Exercise aim: Search the records for the string "smult", then copy each line where it appears.

(Collected data)
*** Begin section ***
(* Let $k$ be a positive integer and let $a_1,\dots,a_k$ and $b_1,\dots,b_k$ be real numbers in $[a,b]$ such that $\sum_{i=1}^k a_i^j=\sum_{i=1}^k b_i^j$ for all integers $1\le j<k$. Then the following are equivalent: (1) $\sum_{i=1}^k a_i^k\ge\sum_{i=1}^k b_i^k$; (2) $\max_i a_i\ge\max_i b_i$; (3) $\sum_{i=1}^k f(a_i)\ge\sum_{i=1}^k f(b_i)$ for every $k$ times differentiable $f:[a,b]\to\mathbb{R}$ with $f^{(k)}\ge 0$. *)

theory Defs
  imports Complex_Main
begin

definition kdiff_nonneg_on :: "nat \<Rightarrow> real \<Rightarrow> real \<Rightarrow> (real \<Rightarrow> real) \<Rightarrow> bool" where
  "kdiff_nonneg_on k a b f \<longleftrightarrow>
     (\<exists>D :: nat \<Rightarrow> real \<Rightarrow> real.
        D 0 = f \<and>
        (\<forall>m<k. \<forall>t\<in>{a..b}. (D m has_real_derivative D (Suc m) t) (at t within {a..b})) \<and>
        (\<forall>t\<in>{a..b}. D k t \<ge> 0))"

end

theory Submission
  imports Defs "HOL-Computational_Algebra.Polynomial"
begin

(*
  Let P = prod_i (X - x_i) and Q = prod_i (X - y_i).  By Newton's identities the coefficients
  of degree >= 1 of a monic polynomial are determined by the power sums of its roots of orders
  1, ..., k-1, so Q = P + d for a real constant d, and all three conditions are equivalent
  to d >= 0:
  (1) Evaluating the polynomial Q - X^k (degree < k) at the x_i and at the y_i gives equal
      sums, whence sum x_i^k - sum y_i^k = k d.
  (2) Q(x_i) = d and P(y_i) = -d, and P, Q are positive to the right of all their roots.
  (3) Let p be the Hermite interpolant of f at the y_i (degree < k).  A generalized Rolle
      theorem shows that divided differences of order k are values of f^(k)/k! >= 0, so
      f >= p wherever the node polynomial Q is >= 0, in particular at the x_i.  Hence
      sum f(x_i) >= sum p(x_i) = sum p(y_i) = sum f(y_i).  Conversely f = t^k is admissible.
*)

abbreviation lin :: "real \<Rightarrow> real poly" where "lin z \<equiv> [:- z, 1:]"

(* The k-th derivative of a polynomial of degree at most k is the constant k! times its
   k-th coefficient; this turns Rolle-type statements into statements about coefficients. *)
lemma poly_higher_pderiv_top:
  fixes q :: "real poly"
  assumes "degree q \<le> k"
  shows "poly ((pderiv ^^ k) q) t = fact k * coeff q k"
proof -
  have "degree ((pderiv ^^ k) q) = 0"
    using assms by (simp add: degree_higher_pderiv)
  then have "poly ((pderiv ^^ k) q) t = poly [:coeff ((pderiv ^^ k) q) 0:] t"
    by (simp only: degree_0_id)
  then show ?thesis
    by (simp add: coeff_higher_pderiv pochhammer_fact)
qed

lemma poly_higher_pderiv_root_power:
  assumes "s \<le> m"
  shows "poly ((pderiv ^^ s) (lin v ^ m * u)) v = (if s = m then fact m * poly u v else 0)"
  using assms
proof (induction s arbitrary: m u)
  case 0
  then show ?case by (simp add: poly_power)
next
  case (Suc s)
  then obtain n where m: "m = Suc n" by (cases m) auto
  have "pderiv (lin v ^ Suc n) = smult (of_nat (Suc n)) (lin v ^ n)"
    using pderiv_power_Suc[of "lin v" n] by (simp add: pderiv_pCons)
  then have "pderiv (lin v ^ m * u) = lin v ^ n * (smult (of_nat m) u + lin v * pderiv u)"
    unfolding m pderiv_mult
    by (simp add: algebra_simps del: mult_pCons_left mult_pCons_right)
  then have "(pderiv ^^ Suc s) (lin v ^ m * u)
      = (pderiv ^^ s) (lin v ^ n * (smult (of_nat m) u + lin v * pderiv u))"
    by (simp only: funpow_Suc_right comp_def)
  then show ?case
    using Suc.IH[of n] Suc.prems m by simp
qed

lemma prod_lin_split:
  "(\<Prod>z\<leftarrow>ys. lin z) = lin v ^ count_list ys v * (\<Prod>z\<leftarrow>filter (\<lambda>z. z \<noteq> v) ys. lin z)"
  by (induction ys) (auto simp: algebra_simps)

lemma poly_higher_pderiv_node_poly:
  shows "s < count_list ys v \<Longrightarrow> poly ((pderiv ^^ s) (\<Prod>z\<leftarrow>ys. lin z)) v = 0"
    and "poly ((pderiv ^^ count_list ys v) (\<Prod>z\<leftarrow>ys. lin z)) v \<noteq> 0"
proof -
  have rest: "poly (\<Prod>z\<leftarrow>filter (\<lambda>z. z \<noteq> v) ys. lin z) v \<noteq> 0"
    by (induction ys) auto
  show "s < count_list ys v \<Longrightarrow> poly ((pderiv ^^ s) (\<Prod>z\<leftarrow>ys. lin z)) v = 0"
    by (subst prod_lin_split[of _ v]) (simp add: poly_higher_pderiv_root_power)
  show "poly ((pderiv ^^ count_list ys v) (\<Prod>z\<leftarrow>ys. lin z)) v \<noteq> 0"
    by (subst prod_lin_split[of _ v]) (simp add: poly_higher_pderiv_root_power rest)
qed

lemma prod_lin_monic:
  "degree (\<Prod>z\<leftarrow>ys. lin z) = length ys \<and> coeff (\<Prod>z\<leftarrow>ys. lin z) (length ys) = 1"
proof (induction ys)
  case Nil
  then show ?case by simp
next
  case (Cons z ys)
  let ?Q = "\<Prod>z\<leftarrow>ys. lin z"
  have "?Q \<noteq> 0" using Cons by auto
  then have "degree (lin z * ?Q) = Suc (length ys)"
    using Cons by (subst degree_mult_eq) auto
  moreover have "lead_coeff (lin z * ?Q) = 1"
    using Cons by (subst lead_coeff_mult) simp
  ultimately show ?case by simp
qed

definition hermite_interpolates :: "(nat \<Rightarrow> real \<Rightarrow> real) \<Rightarrow> real list \<Rightarrow> real poly \<Rightarrow> bool" where
  "hermite_interpolates D zs p \<longleftrightarrow>
     (\<forall>v s. s < count_list zs v \<longrightarrow> poly ((pderiv ^^ s) p) v = D s v)"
*** End section ***
Solution for this problem:
  have "pderiv (lin v ^ Suc n) = smult (of_nat (Suc n)) (lin v ^ n)"
  then have "pderiv (lin v ^ m * u) = lin v ^ n * (smult (of_nat m) u + lin v * pderiv u)"
      = (pderiv ^^ s) (lin v ^ n * (smult (of_nat m) u + lin v * pderiv u))"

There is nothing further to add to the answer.